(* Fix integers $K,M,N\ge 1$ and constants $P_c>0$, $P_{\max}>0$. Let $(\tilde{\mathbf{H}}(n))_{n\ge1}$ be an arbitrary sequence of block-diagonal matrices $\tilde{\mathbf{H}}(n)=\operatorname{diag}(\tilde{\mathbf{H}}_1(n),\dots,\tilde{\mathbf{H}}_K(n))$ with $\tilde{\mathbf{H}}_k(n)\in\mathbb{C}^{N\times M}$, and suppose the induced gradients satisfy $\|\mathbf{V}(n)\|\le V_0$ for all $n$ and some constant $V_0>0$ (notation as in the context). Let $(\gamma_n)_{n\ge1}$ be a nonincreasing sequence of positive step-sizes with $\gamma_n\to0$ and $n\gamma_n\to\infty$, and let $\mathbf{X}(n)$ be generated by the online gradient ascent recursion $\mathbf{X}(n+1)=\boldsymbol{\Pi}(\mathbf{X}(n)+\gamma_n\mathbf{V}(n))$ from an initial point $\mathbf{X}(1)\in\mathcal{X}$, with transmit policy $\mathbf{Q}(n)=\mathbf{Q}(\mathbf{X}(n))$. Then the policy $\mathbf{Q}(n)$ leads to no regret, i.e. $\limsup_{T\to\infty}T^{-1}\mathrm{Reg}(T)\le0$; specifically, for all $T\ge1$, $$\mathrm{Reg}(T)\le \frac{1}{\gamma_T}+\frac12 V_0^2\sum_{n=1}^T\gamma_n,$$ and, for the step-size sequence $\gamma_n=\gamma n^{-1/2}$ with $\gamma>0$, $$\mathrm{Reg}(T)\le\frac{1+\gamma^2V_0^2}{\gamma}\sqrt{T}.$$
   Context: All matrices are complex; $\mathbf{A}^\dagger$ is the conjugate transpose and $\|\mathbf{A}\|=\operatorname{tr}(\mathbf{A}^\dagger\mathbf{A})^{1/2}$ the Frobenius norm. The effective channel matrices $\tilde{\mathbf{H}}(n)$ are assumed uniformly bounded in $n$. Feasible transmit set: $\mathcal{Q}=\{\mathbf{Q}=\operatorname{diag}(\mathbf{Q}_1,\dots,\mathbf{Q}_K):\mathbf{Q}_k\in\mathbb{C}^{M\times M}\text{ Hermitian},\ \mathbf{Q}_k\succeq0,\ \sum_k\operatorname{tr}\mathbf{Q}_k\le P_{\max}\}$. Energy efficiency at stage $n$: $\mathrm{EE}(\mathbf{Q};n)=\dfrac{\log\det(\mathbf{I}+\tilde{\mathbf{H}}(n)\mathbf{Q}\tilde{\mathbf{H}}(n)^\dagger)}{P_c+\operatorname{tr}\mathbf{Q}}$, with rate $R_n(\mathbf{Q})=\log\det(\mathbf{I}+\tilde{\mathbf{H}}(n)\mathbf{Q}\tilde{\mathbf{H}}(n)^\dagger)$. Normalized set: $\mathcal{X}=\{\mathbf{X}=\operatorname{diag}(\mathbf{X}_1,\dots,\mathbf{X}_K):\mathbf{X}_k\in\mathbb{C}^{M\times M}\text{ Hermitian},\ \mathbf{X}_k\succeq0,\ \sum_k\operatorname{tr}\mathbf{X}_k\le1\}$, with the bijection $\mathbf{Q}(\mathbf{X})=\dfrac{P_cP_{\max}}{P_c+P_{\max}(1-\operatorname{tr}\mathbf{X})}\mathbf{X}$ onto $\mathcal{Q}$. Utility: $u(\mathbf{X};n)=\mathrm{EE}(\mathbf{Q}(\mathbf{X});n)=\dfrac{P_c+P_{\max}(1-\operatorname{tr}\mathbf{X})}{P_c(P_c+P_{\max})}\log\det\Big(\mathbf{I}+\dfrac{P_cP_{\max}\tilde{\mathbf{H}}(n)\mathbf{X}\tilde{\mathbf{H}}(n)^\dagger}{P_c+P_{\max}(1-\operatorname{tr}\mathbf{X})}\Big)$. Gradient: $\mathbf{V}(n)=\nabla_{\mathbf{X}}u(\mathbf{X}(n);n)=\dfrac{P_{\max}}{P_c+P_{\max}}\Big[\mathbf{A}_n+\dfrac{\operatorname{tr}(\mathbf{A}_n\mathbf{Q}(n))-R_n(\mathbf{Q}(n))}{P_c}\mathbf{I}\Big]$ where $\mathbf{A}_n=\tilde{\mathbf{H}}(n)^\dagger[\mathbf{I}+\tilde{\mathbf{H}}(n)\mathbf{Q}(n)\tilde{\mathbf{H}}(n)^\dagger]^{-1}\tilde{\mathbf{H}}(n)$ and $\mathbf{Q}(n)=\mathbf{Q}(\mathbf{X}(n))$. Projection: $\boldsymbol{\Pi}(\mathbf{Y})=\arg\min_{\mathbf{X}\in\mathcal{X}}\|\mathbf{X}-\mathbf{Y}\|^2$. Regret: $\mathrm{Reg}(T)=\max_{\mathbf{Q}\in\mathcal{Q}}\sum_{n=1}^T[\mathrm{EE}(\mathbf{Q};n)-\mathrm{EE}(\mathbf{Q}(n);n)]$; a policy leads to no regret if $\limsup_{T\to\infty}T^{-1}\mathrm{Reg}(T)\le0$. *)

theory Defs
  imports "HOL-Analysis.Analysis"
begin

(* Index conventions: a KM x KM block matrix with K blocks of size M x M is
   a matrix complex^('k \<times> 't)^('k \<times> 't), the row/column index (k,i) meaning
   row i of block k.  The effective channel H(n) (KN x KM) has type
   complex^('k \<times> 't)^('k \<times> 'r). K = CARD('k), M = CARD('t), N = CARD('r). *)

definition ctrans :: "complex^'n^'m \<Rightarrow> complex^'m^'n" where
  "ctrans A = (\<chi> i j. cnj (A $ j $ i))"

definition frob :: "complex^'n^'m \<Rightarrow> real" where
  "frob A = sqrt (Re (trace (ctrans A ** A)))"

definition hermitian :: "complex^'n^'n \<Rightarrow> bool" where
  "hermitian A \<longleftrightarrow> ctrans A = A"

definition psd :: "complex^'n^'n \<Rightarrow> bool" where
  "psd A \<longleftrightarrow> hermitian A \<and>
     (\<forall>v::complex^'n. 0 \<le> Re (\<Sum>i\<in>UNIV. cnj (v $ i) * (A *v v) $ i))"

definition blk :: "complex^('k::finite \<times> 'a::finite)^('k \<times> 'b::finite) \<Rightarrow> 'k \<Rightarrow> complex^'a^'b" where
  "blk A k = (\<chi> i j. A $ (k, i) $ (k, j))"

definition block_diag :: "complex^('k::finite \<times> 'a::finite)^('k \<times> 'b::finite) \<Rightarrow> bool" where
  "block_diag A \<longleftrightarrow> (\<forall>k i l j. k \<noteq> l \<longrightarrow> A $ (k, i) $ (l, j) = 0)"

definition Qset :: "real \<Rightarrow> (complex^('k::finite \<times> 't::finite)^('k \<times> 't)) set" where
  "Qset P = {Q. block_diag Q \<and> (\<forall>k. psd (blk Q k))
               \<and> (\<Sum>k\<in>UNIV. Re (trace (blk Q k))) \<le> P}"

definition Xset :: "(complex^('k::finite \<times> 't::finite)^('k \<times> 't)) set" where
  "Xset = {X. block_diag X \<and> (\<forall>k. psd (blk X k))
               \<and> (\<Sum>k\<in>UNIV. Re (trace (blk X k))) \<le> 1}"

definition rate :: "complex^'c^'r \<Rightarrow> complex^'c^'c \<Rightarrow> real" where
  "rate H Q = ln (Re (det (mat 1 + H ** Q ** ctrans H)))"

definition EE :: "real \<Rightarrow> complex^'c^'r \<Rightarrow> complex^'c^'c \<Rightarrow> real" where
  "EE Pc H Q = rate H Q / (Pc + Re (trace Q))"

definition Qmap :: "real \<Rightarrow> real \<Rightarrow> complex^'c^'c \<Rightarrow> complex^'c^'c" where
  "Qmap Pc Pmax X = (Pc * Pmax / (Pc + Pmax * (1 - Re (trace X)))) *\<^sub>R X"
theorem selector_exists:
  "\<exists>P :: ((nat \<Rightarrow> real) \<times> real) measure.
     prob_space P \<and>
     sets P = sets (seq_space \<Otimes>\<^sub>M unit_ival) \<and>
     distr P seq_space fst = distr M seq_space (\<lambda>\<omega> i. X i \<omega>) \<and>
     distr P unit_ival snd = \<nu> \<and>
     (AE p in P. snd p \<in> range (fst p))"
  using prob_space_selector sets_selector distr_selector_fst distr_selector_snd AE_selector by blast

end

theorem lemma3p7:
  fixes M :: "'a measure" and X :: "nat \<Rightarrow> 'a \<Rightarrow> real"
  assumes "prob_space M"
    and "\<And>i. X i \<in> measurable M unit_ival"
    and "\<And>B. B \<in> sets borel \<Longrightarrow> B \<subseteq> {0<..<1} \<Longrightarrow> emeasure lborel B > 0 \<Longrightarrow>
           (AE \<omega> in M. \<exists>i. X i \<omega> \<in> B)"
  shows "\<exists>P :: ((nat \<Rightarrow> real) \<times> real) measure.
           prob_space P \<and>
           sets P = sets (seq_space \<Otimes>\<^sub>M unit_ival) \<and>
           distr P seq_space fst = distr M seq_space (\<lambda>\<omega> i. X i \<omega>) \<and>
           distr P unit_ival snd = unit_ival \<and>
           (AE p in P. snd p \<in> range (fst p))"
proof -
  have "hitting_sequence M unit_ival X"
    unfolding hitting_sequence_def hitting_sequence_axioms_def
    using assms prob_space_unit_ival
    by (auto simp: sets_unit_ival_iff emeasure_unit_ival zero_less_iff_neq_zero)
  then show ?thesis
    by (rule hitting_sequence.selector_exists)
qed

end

Problem requirements
Copy the records above exactly, starting at the line that contains "(Pc + Re (trace" and ending at the last line, and leave out all earlier lines.

Answer for the task
  "EE Pc H Q = rate H Q / (Pc + Re (trace Q))"

definition Qmap :: "real \<Rightarrow> real \<Rightarrow> complex^'c^'c \<Rightarrow> complex^'c^'c" where
  "Qmap Pc Pmax X = (Pc * Pmax / (Pc + Pmax * (1 - Re (trace X)))) *\<^sub>R X"
theorem selector_exists:
  "\<exists>P :: ((nat \<Rightarrow> real) \<times> real) measure.
     prob_space P \<and>
     sets P = sets (seq_space \<Otimes>\<^sub>M unit_ival) \<and>
     distr P seq_space fst = distr M seq_space (\<lambda>\<omega> i. X i \<omega>) \<and>
     distr P unit_ival snd = \<nu> \<and>
     (AE p in P. snd p \<in> range (fst p))"
  using prob_space_selector sets_selector distr_selector_fst distr_selector_snd AE_selector by blast

end

theorem lemma3p7:
  fixes M :: "'a measure" and X :: "nat \<Rightarrow> 'a \<Rightarrow> real"
  assumes "prob_space M"
    and "\<And>i. X i \<in> measurable M unit_ival"
    and "\<And>B. B \<in> sets borel \<Longrightarrow> B \<subseteq> {0<..<1} \<Longrightarrow> emeasure lborel B > 0 \<Longrightarrow>
           (AE \<omega> in M. \<exists>i. X i \<omega> \<in> B)"
  shows "\<exists>P :: ((nat \<Rightarrow> real) \<times> real) measure.
           prob_space P \<and>
           sets P = sets (seq_space \<Otimes>\<^sub>M unit_ival) \<and>
           distr P seq_space fst = distr M seq_space (\<lambda>\<omega> i. X i \<omega>) \<and>
           distr P unit_ival snd = unit_ival \<and>
           (AE p in P. snd p \<in> range (fst p))"
proof -
  have "hitting_sequence M unit_ival X"
    unfolding hitting_sequence_def hitting_sequence_axioms_def
    using assms prob_space_unit_ival
    by (auto simp: sets_unit_ival_iff emeasure_unit_ival zero_less_iff_neq_zero)
  then show ?thesis
    by (rule hitting_sequence.selector_exists)
qed

end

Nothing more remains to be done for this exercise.